-- WHAT THIS TASK INVOLVES --
Although the data below holds other lines too, output only those from the line with "i xs \<longleftrightarrow>" up to and including the line with "insert None (Some", exactly as they appear.

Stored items
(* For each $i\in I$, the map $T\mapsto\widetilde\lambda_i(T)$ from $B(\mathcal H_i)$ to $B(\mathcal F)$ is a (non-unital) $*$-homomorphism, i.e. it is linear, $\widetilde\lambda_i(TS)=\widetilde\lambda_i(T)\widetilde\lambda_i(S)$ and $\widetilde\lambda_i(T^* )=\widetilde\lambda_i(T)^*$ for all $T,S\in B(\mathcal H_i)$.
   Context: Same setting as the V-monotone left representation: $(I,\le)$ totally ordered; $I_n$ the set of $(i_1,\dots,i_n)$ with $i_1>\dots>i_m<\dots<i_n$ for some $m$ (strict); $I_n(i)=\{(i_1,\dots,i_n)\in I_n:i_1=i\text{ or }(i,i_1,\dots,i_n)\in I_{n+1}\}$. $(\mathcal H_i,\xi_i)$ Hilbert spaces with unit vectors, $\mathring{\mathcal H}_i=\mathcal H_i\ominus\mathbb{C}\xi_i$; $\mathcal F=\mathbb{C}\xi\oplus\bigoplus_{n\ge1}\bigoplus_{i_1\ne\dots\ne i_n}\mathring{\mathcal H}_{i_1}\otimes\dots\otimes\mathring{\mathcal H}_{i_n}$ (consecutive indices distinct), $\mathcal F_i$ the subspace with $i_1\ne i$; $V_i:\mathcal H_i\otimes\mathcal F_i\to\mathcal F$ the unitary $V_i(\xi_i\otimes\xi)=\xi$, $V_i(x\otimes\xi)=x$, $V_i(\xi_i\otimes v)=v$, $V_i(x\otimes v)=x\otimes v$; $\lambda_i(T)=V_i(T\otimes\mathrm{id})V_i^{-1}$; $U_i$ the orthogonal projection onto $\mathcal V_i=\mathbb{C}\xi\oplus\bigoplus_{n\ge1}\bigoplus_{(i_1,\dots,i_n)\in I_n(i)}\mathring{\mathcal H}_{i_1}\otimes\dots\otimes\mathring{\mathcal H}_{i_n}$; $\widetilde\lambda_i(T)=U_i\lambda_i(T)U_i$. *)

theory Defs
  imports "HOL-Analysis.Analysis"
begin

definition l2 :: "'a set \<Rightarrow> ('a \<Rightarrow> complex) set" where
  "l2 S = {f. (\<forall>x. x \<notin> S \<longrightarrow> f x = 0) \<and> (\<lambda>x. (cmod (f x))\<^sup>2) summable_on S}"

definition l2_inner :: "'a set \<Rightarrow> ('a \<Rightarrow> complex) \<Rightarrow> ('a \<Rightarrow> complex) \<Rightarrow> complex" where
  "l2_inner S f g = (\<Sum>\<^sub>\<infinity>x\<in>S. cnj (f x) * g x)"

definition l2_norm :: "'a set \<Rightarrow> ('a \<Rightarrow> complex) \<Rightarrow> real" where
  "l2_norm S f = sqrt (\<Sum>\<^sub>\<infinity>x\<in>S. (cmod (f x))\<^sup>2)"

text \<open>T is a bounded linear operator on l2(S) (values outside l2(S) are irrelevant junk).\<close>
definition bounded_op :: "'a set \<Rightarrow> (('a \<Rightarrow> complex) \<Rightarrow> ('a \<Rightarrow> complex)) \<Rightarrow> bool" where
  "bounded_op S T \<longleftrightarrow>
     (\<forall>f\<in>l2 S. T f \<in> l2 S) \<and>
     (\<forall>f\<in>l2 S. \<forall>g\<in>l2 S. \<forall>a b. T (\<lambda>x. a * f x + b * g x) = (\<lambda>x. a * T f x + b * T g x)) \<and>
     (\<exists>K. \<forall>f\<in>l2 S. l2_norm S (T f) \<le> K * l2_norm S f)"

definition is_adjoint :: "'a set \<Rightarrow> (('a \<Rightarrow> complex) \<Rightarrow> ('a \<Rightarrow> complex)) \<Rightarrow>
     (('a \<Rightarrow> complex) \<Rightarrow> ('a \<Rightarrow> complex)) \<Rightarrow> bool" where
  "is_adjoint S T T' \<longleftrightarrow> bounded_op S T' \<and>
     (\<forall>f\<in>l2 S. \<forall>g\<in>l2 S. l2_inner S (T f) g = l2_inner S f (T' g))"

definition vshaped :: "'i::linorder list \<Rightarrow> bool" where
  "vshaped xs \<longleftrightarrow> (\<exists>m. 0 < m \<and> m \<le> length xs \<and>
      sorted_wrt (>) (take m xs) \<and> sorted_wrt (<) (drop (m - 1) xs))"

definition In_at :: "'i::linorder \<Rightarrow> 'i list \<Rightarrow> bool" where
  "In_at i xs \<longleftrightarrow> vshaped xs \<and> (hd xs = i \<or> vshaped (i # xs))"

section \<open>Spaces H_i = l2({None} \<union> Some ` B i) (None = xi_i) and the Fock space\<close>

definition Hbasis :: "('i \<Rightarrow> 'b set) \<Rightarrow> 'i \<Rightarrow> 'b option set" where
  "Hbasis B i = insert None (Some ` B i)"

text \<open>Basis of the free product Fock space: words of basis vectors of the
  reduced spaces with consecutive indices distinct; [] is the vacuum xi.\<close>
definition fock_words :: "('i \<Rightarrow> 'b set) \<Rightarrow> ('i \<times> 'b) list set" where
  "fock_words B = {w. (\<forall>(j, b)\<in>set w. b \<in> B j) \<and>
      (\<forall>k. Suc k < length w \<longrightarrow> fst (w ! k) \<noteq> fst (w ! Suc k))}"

-- RESPONSE TO THE EXERCISE --
  "In_at i xs \<longleftrightarrow> vshaped xs \<and> (hd xs = i \<or> vshaped (i # xs))"

section \<open>Spaces H_i = l2({None} \<union> Some ` B i) (None = xi_i) and the Fock space\<close>

definition Hbasis :: "('i \<Rightarrow> 'b set) \<Rightarrow> 'i \<Rightarrow> 'b option set" where
  "Hbasis B i = insert None (Some ` B i)"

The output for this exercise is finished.